[Stored entries]
++++
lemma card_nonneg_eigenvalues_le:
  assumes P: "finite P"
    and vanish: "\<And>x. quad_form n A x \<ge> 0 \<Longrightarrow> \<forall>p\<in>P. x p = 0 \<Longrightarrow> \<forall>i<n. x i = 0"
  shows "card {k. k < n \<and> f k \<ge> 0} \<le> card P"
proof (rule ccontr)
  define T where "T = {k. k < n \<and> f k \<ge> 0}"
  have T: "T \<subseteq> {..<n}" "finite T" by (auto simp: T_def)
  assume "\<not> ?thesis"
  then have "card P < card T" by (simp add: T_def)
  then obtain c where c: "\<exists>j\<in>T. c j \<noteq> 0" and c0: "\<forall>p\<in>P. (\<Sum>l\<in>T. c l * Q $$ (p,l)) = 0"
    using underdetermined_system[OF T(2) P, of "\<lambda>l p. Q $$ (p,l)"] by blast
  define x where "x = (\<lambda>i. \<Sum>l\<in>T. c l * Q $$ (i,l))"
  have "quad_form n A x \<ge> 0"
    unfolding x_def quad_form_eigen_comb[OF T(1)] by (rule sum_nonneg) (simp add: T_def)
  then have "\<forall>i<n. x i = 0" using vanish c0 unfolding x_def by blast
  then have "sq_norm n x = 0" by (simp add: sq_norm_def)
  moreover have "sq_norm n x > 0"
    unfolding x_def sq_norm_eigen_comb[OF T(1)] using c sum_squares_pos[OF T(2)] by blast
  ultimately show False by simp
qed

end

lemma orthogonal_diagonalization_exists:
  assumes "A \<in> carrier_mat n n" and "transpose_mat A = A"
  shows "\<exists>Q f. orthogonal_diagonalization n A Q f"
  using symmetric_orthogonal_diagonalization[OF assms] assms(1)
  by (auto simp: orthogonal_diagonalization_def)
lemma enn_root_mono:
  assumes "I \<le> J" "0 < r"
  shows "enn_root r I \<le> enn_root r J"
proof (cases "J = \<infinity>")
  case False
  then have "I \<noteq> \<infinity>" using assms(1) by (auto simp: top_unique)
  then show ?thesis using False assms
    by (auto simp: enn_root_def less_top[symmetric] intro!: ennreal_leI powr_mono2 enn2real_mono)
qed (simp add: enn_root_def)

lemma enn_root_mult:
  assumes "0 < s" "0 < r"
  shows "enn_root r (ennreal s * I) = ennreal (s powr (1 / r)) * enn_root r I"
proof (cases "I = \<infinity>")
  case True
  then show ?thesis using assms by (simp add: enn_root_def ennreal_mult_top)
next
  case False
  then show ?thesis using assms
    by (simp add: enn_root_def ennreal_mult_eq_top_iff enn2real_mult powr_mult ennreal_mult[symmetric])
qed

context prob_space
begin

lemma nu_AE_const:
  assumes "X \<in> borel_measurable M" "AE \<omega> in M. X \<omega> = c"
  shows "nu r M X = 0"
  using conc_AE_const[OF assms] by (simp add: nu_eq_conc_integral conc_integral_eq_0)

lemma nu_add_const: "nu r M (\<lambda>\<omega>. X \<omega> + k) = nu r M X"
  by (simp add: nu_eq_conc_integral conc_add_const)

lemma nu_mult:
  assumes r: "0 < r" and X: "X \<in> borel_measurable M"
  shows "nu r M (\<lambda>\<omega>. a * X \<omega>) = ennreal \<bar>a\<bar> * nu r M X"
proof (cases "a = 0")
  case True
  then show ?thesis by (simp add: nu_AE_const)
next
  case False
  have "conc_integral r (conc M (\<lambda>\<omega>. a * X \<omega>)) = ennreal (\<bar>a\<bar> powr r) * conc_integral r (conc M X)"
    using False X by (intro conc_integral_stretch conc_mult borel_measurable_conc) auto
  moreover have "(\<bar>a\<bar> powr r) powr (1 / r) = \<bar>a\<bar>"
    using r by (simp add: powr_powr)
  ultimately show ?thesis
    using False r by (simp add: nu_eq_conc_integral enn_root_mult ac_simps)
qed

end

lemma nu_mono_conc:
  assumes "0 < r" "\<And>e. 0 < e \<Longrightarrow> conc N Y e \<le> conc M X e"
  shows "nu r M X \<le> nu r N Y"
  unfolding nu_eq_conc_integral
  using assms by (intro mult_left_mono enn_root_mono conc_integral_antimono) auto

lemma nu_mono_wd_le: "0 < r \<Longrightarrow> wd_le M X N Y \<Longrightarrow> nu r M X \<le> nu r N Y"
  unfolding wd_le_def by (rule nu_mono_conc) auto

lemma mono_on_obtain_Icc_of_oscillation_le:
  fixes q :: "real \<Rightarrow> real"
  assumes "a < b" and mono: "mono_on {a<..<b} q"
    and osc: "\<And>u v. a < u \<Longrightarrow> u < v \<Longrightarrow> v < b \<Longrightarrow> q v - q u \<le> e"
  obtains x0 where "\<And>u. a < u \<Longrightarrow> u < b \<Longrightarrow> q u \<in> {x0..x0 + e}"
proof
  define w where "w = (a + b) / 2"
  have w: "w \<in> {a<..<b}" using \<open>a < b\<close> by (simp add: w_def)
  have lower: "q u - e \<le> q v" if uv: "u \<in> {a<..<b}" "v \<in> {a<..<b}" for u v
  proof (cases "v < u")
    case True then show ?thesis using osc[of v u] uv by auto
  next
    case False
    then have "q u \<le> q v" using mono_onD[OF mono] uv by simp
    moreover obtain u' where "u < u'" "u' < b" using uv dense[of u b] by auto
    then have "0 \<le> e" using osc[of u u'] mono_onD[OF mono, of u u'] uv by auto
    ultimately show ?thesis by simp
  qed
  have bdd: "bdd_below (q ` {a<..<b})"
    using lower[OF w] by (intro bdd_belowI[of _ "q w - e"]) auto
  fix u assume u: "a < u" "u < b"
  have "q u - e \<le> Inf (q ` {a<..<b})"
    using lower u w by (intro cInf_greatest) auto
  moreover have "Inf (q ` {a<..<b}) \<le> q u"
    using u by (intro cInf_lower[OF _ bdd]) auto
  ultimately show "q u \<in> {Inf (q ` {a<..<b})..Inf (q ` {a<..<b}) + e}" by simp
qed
++++
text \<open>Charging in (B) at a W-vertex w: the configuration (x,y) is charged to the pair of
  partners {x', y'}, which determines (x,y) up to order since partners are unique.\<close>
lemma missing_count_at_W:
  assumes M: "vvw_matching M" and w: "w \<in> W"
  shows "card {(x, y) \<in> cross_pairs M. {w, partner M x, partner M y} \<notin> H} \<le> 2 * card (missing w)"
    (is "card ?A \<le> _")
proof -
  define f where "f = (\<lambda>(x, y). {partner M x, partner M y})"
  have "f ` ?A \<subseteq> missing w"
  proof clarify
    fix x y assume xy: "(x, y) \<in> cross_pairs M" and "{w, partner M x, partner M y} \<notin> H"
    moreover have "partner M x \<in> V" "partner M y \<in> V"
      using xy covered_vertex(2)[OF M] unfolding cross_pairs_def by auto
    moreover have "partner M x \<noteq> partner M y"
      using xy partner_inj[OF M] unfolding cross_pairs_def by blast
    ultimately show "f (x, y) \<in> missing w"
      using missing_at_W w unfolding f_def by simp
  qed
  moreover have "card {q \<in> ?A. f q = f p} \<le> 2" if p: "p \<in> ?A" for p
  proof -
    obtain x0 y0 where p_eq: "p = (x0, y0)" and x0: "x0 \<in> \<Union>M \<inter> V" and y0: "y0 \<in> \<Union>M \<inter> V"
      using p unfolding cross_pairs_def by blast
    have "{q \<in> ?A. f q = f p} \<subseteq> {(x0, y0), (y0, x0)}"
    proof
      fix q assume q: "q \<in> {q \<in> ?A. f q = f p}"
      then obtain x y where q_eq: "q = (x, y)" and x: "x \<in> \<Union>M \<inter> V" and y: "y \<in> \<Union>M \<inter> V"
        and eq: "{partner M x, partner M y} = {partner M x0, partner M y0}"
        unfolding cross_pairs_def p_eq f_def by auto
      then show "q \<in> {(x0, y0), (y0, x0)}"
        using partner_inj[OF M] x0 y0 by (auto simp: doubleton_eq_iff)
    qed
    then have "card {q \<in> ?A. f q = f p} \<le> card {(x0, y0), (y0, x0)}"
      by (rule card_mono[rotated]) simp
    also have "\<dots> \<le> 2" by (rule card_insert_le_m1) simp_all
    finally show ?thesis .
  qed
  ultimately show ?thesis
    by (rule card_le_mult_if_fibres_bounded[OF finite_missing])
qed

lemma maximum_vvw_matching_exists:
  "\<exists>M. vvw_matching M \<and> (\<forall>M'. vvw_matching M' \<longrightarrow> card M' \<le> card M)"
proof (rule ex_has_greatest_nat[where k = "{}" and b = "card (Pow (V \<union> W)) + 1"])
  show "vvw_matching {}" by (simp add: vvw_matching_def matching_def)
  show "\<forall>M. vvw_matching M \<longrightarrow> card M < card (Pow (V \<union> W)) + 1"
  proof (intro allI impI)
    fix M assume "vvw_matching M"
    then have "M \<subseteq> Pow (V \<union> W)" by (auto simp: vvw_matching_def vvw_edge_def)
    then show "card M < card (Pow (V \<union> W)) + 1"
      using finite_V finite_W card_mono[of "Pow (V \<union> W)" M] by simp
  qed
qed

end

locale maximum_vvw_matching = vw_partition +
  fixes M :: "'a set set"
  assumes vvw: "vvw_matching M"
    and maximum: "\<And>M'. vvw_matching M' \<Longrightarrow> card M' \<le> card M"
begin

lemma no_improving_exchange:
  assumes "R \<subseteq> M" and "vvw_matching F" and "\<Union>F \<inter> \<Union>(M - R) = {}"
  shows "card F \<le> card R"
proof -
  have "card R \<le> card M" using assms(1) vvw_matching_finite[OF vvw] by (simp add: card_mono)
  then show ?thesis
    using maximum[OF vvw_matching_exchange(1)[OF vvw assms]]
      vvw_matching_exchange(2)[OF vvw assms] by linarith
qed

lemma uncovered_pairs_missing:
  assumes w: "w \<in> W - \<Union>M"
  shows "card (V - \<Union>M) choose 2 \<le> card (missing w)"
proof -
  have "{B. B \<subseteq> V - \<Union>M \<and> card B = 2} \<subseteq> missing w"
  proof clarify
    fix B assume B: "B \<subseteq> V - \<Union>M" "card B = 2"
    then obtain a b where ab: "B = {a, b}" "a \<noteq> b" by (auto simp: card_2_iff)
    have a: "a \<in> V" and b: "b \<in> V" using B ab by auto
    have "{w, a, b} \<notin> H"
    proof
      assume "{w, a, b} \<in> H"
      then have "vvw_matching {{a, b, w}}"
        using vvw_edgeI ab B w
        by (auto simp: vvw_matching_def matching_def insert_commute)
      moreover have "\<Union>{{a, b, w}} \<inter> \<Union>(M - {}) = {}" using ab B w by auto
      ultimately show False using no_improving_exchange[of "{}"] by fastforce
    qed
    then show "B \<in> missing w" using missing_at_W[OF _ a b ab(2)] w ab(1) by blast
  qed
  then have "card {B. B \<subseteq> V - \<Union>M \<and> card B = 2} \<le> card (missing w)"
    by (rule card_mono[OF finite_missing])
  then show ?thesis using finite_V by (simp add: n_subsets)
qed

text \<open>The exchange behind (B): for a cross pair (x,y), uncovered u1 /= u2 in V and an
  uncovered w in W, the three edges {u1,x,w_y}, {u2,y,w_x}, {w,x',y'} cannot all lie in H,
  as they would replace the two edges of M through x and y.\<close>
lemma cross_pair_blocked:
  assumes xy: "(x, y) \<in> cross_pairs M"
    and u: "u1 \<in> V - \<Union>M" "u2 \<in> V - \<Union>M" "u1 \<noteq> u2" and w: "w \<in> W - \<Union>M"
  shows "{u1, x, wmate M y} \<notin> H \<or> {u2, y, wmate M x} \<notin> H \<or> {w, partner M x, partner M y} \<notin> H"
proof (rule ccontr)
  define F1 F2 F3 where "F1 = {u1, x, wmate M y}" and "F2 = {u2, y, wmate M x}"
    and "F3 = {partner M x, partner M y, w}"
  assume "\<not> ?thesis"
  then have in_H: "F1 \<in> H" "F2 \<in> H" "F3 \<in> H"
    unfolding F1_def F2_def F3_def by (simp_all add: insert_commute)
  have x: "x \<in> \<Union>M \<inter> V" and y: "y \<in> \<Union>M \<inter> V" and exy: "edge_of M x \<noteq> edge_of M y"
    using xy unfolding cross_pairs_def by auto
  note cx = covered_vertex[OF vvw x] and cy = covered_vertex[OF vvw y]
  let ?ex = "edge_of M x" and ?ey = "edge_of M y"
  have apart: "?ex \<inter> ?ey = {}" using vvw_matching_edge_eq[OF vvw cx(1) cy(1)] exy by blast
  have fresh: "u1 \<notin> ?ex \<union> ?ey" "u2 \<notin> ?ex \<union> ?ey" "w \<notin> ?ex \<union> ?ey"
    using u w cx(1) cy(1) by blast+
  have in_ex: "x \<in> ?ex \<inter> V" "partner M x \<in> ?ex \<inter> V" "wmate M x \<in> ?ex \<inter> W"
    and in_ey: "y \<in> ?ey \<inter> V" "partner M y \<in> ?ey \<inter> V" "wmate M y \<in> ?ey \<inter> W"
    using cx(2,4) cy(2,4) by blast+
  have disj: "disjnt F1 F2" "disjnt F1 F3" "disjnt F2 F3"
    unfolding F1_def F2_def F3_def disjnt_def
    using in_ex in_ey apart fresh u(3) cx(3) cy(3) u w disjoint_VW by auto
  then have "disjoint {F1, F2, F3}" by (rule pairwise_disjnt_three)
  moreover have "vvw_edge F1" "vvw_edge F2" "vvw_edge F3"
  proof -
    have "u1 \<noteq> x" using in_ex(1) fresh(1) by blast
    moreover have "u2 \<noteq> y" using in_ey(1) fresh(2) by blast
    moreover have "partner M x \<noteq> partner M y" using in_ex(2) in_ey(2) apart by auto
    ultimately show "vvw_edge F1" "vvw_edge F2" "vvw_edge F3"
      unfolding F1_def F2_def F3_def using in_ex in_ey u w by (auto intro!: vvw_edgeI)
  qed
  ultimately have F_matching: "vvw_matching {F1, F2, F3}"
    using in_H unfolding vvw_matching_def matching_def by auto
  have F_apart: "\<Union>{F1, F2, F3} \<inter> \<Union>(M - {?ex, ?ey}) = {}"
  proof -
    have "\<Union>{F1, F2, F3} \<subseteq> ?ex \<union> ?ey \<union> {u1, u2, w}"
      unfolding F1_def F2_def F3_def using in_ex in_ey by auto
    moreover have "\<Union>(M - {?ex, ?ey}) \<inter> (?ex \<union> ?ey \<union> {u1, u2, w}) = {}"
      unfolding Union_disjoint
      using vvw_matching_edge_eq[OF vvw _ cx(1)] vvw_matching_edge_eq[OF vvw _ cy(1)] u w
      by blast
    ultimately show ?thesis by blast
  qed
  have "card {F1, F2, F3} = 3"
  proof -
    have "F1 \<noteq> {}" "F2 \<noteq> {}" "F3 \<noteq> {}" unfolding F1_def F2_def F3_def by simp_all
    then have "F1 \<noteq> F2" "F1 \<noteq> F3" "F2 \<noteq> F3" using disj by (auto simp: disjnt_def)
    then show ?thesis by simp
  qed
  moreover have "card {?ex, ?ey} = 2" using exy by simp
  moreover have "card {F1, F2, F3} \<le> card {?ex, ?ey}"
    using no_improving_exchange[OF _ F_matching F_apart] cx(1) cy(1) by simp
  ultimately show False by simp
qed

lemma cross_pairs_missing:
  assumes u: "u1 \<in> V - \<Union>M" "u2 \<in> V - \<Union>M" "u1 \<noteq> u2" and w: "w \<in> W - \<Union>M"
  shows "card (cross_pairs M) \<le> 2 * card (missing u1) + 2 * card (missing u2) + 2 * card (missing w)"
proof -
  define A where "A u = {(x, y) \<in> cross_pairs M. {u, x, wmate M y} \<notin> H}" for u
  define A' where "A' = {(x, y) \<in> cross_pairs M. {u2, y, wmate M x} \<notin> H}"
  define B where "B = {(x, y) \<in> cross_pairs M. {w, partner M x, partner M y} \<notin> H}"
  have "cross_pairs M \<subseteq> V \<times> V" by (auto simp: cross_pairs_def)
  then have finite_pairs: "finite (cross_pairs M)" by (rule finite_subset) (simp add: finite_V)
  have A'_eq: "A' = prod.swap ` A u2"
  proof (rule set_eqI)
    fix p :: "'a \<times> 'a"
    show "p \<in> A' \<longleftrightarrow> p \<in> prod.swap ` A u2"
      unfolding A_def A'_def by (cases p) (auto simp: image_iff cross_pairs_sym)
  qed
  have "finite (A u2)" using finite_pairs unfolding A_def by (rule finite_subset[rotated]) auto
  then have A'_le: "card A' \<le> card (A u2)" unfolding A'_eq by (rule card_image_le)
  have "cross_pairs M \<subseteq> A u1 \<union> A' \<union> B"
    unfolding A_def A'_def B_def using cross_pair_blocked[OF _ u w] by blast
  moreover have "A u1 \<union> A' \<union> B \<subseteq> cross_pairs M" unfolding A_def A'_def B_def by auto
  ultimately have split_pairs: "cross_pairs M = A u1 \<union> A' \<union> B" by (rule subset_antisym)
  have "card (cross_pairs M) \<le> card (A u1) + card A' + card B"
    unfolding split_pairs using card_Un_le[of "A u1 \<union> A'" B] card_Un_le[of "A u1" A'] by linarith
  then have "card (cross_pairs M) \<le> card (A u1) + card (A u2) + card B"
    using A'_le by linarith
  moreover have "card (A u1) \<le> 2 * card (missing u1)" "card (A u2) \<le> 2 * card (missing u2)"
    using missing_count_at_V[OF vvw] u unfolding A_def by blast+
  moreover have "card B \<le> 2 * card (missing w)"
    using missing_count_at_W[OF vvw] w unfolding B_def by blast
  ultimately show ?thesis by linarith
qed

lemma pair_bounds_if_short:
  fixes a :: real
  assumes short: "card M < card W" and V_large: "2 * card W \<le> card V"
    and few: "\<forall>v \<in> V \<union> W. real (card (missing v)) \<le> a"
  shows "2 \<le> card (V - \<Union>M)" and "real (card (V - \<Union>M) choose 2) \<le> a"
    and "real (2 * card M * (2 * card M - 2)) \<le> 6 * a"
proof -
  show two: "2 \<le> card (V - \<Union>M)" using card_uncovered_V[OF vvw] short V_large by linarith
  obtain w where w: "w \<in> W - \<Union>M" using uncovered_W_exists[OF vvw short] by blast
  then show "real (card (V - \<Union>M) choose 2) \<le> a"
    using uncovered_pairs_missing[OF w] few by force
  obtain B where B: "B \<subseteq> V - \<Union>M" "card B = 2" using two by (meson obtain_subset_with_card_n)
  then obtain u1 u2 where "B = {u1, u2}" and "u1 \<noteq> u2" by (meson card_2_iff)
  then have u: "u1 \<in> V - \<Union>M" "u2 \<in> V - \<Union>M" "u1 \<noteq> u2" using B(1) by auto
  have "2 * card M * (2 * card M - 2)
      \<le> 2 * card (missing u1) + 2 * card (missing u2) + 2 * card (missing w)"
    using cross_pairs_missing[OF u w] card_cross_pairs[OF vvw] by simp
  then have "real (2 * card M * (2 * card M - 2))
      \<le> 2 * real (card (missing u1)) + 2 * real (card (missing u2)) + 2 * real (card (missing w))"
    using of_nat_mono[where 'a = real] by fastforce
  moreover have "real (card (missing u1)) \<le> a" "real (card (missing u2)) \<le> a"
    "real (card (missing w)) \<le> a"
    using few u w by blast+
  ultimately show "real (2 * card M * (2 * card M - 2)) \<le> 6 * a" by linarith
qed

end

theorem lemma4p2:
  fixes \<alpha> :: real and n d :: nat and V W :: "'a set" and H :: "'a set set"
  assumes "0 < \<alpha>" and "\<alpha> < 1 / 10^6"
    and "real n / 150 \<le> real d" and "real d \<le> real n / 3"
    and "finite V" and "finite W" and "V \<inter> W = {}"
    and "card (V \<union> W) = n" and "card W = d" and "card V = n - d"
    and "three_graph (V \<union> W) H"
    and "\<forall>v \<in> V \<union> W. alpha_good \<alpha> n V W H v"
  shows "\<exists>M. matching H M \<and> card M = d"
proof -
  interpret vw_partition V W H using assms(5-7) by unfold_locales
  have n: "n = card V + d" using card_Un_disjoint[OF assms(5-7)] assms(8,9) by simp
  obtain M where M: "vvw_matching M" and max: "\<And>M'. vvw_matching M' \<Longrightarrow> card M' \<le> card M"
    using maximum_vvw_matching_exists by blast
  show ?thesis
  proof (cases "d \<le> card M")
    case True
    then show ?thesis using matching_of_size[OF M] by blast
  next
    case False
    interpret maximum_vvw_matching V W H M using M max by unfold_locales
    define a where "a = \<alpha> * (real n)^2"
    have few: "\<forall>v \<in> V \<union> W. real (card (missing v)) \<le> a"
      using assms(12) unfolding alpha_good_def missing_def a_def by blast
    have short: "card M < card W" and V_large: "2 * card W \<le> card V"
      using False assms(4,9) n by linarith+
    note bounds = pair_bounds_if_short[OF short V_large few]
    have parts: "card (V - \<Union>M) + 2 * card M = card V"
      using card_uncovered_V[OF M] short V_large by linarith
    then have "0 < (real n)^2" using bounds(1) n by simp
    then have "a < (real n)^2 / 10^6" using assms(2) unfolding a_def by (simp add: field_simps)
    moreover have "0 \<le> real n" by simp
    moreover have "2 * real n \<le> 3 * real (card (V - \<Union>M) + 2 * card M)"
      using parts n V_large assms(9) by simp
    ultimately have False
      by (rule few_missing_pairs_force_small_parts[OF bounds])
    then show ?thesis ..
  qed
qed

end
++++
[WHAT THE TASK ASKS] Pull each line containing the word "infinity" out of the data above.

[OUTPUT FOR THIS TASK]
proof (cases "J = \<infinity>")
  then have "I \<noteq> \<infinity>" using assms(1) by (auto simp: top_unique)
proof (cases "I = \<infinity>")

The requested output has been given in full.